## Exercise directions
After locating the line with "vec l') = l'" in the data that follows, return it and every later line exactly, up to and including the line with "by (rule inj_onI)".

====== Materials provided

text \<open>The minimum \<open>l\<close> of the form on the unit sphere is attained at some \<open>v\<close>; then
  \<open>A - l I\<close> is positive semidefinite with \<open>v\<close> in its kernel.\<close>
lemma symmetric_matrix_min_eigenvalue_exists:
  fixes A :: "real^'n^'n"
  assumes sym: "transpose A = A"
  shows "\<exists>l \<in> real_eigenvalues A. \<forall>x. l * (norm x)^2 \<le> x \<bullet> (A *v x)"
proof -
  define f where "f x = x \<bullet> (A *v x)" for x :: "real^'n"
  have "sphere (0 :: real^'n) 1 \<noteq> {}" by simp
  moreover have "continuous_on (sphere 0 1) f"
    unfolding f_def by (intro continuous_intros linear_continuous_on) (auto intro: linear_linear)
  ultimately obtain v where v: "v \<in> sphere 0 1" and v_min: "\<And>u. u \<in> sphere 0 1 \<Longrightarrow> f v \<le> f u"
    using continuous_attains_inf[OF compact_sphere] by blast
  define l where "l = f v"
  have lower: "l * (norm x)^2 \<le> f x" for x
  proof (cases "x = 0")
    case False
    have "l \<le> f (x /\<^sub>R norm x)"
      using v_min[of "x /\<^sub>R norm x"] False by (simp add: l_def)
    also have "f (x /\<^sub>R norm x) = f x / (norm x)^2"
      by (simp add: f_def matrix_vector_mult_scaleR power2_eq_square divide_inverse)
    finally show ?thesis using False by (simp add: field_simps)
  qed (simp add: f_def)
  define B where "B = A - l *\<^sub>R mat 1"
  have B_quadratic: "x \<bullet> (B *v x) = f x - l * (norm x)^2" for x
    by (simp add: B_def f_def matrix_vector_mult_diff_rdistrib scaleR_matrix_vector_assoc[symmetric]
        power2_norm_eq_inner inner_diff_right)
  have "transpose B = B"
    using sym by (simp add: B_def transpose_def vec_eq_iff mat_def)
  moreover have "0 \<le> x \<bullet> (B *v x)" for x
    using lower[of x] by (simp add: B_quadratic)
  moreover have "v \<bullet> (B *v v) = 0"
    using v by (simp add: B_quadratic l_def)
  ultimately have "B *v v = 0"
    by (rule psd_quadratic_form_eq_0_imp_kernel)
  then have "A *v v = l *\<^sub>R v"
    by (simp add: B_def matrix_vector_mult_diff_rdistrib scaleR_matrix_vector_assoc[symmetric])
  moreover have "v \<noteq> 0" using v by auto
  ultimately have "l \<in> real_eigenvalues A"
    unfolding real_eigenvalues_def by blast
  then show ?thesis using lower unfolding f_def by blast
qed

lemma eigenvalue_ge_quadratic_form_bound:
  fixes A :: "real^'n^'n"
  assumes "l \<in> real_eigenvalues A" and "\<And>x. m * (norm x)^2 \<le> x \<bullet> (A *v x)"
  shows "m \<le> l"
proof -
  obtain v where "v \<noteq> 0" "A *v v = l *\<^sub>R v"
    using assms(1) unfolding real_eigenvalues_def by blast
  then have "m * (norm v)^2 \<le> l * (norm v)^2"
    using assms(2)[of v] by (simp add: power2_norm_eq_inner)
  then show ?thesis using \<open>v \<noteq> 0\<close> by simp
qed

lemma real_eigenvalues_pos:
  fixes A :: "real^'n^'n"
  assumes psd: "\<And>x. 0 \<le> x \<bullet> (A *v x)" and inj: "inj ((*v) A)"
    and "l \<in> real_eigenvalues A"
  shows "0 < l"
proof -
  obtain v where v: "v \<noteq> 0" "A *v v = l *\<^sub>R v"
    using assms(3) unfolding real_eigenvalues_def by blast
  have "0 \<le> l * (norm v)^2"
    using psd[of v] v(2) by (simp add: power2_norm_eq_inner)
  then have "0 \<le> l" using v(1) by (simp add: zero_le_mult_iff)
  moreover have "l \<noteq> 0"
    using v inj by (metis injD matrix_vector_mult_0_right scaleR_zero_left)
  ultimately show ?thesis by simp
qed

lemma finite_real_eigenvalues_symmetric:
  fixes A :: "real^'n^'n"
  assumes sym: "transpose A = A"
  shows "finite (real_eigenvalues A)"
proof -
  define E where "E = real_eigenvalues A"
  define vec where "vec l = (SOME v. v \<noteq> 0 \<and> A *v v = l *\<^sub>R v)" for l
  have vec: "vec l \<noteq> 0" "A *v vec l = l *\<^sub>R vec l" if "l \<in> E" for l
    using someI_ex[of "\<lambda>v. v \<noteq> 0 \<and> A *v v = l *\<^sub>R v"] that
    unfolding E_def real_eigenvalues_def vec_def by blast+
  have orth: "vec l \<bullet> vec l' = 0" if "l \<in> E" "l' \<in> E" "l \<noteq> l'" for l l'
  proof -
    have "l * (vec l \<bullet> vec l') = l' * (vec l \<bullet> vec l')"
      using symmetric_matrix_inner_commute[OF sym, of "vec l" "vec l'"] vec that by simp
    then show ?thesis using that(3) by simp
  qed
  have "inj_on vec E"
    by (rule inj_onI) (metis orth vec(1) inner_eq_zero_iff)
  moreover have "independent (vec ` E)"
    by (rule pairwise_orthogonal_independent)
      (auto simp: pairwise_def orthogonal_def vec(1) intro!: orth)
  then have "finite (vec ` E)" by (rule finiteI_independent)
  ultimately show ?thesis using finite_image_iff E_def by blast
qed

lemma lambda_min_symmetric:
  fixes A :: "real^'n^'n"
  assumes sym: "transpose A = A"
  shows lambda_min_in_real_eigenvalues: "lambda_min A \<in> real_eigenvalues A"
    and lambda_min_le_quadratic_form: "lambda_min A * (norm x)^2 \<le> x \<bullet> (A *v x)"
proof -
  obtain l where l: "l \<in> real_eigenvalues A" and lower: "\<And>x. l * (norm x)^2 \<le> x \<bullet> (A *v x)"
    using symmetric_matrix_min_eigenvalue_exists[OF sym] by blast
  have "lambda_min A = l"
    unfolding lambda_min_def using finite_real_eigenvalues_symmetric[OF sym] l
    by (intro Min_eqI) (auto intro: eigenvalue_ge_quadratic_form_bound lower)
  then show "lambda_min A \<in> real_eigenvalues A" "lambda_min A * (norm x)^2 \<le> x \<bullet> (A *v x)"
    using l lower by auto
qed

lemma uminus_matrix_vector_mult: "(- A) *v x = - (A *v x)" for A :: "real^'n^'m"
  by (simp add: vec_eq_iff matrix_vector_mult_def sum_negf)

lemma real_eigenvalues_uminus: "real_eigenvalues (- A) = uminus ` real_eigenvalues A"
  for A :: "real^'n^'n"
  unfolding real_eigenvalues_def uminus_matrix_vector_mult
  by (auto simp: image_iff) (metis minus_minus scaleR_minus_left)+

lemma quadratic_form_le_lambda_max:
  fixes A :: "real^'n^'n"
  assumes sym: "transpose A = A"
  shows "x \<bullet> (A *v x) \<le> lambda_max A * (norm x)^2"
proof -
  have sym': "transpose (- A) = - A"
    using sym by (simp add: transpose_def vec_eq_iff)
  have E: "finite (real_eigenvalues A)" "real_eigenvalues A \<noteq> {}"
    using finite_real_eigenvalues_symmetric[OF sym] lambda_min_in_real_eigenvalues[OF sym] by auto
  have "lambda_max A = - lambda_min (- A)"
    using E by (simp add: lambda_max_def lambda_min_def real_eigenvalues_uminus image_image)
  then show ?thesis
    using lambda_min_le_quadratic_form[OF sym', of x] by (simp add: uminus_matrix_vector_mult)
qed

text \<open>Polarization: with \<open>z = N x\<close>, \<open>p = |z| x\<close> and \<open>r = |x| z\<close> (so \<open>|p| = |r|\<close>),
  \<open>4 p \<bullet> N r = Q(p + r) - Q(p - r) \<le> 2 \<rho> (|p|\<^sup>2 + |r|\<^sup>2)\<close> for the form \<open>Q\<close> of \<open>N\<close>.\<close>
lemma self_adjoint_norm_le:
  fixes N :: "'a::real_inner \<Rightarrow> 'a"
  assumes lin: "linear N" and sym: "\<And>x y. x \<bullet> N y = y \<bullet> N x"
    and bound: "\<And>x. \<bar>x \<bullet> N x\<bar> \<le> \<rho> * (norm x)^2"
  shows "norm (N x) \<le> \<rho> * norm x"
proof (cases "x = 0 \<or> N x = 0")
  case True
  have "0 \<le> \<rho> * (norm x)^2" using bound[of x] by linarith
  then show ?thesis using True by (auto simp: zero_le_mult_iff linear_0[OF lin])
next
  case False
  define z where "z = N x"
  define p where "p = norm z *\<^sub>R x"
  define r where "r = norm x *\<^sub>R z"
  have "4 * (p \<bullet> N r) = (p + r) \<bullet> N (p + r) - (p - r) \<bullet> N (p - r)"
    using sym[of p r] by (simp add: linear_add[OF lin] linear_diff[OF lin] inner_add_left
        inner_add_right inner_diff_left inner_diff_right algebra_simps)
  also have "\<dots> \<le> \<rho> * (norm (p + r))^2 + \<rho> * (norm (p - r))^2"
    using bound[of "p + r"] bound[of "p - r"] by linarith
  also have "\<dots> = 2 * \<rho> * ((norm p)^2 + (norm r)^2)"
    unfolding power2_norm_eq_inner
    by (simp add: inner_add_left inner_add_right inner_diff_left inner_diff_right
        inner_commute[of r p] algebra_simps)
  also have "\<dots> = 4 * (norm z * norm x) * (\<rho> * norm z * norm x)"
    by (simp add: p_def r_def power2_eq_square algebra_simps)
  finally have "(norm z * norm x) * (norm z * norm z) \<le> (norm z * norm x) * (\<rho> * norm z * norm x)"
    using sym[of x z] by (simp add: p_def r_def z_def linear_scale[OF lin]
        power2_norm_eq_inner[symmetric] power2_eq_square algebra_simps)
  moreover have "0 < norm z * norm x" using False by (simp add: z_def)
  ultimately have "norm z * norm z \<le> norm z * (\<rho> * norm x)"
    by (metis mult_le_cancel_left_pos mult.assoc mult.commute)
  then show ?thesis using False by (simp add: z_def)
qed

============
====== Materials provided

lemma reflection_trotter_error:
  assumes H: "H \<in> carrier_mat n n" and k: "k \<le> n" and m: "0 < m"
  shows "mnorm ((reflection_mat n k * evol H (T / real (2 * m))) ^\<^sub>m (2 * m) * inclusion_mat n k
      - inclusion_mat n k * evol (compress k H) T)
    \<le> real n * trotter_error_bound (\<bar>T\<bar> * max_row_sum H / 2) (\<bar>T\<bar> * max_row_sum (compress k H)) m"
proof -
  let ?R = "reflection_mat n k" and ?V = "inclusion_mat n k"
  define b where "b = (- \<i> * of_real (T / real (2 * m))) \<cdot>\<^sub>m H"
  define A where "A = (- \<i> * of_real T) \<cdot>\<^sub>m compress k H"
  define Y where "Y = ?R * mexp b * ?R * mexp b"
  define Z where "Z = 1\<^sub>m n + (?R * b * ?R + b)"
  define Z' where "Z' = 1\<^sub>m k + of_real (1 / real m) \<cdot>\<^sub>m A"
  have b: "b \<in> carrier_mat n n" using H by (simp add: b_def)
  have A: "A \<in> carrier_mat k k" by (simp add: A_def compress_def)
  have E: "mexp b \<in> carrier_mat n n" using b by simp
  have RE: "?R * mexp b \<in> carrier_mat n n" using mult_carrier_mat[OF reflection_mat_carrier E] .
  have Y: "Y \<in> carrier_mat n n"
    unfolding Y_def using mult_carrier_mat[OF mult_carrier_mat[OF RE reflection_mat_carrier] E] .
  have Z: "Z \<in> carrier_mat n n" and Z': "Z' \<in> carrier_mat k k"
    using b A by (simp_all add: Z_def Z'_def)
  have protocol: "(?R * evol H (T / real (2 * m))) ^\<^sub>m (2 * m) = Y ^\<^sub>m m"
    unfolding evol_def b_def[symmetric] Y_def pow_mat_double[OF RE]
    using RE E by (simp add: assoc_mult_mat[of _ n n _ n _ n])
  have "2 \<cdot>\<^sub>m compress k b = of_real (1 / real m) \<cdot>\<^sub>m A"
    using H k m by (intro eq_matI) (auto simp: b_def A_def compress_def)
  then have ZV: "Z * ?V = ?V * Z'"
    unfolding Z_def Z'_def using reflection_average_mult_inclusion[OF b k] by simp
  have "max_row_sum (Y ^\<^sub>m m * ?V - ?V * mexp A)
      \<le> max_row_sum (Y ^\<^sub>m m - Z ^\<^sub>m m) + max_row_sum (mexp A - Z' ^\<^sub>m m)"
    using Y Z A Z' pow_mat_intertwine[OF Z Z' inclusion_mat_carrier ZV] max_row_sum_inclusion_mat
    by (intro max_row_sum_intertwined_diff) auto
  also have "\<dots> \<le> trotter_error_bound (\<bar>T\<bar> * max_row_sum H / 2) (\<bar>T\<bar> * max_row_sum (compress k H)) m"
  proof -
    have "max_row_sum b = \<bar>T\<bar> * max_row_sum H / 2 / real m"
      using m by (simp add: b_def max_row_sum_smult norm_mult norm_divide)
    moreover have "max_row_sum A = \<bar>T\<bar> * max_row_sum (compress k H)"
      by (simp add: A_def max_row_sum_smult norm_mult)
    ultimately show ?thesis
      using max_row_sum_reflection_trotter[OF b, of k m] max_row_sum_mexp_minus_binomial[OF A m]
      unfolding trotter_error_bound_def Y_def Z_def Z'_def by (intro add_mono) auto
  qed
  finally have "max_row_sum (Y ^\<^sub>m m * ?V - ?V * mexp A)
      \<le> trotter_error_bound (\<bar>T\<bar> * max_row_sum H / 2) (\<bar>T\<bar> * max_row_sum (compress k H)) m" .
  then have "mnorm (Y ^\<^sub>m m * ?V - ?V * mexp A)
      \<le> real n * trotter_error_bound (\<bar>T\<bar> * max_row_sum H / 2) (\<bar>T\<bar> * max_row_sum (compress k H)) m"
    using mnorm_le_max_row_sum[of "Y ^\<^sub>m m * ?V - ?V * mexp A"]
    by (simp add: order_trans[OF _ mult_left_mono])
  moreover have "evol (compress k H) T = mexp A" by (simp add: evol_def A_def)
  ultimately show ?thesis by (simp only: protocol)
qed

============
====== Materials provided

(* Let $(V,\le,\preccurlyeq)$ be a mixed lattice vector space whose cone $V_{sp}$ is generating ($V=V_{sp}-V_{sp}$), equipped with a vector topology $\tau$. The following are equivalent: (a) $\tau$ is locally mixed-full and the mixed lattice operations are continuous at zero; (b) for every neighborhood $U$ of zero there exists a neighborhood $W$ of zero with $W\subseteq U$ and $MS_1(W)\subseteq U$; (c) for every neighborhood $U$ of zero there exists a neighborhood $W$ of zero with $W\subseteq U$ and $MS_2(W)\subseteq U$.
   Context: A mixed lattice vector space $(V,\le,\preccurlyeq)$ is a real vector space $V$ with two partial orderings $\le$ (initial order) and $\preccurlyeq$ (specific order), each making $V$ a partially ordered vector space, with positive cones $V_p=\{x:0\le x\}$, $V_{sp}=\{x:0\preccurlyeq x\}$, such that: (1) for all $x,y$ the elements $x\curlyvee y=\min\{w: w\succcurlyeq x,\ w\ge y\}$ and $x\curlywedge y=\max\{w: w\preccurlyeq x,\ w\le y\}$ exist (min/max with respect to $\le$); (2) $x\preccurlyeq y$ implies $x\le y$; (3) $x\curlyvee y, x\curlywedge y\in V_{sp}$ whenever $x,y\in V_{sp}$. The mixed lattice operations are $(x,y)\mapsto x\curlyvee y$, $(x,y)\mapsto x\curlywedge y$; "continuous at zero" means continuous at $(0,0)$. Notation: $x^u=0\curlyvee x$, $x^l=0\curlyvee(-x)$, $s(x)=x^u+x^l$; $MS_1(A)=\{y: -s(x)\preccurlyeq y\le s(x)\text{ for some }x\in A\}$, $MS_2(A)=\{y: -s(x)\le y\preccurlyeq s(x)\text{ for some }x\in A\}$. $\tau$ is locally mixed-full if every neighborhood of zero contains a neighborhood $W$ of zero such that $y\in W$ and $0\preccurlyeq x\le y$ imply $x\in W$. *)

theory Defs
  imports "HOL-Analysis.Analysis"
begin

============

## Finished task
    have "l * (vec l \<bullet> vec l') = l' * (vec l \<bullet> vec l')"
      using symmetric_matrix_inner_commute[OF sym, of "vec l" "vec l'"] vec that by simp
    then show ?thesis using that(3) by simp
  qed
  have "inj_on vec E"
    by (rule inj_onI) (metis orth vec(1) inner_eq_zero_iff)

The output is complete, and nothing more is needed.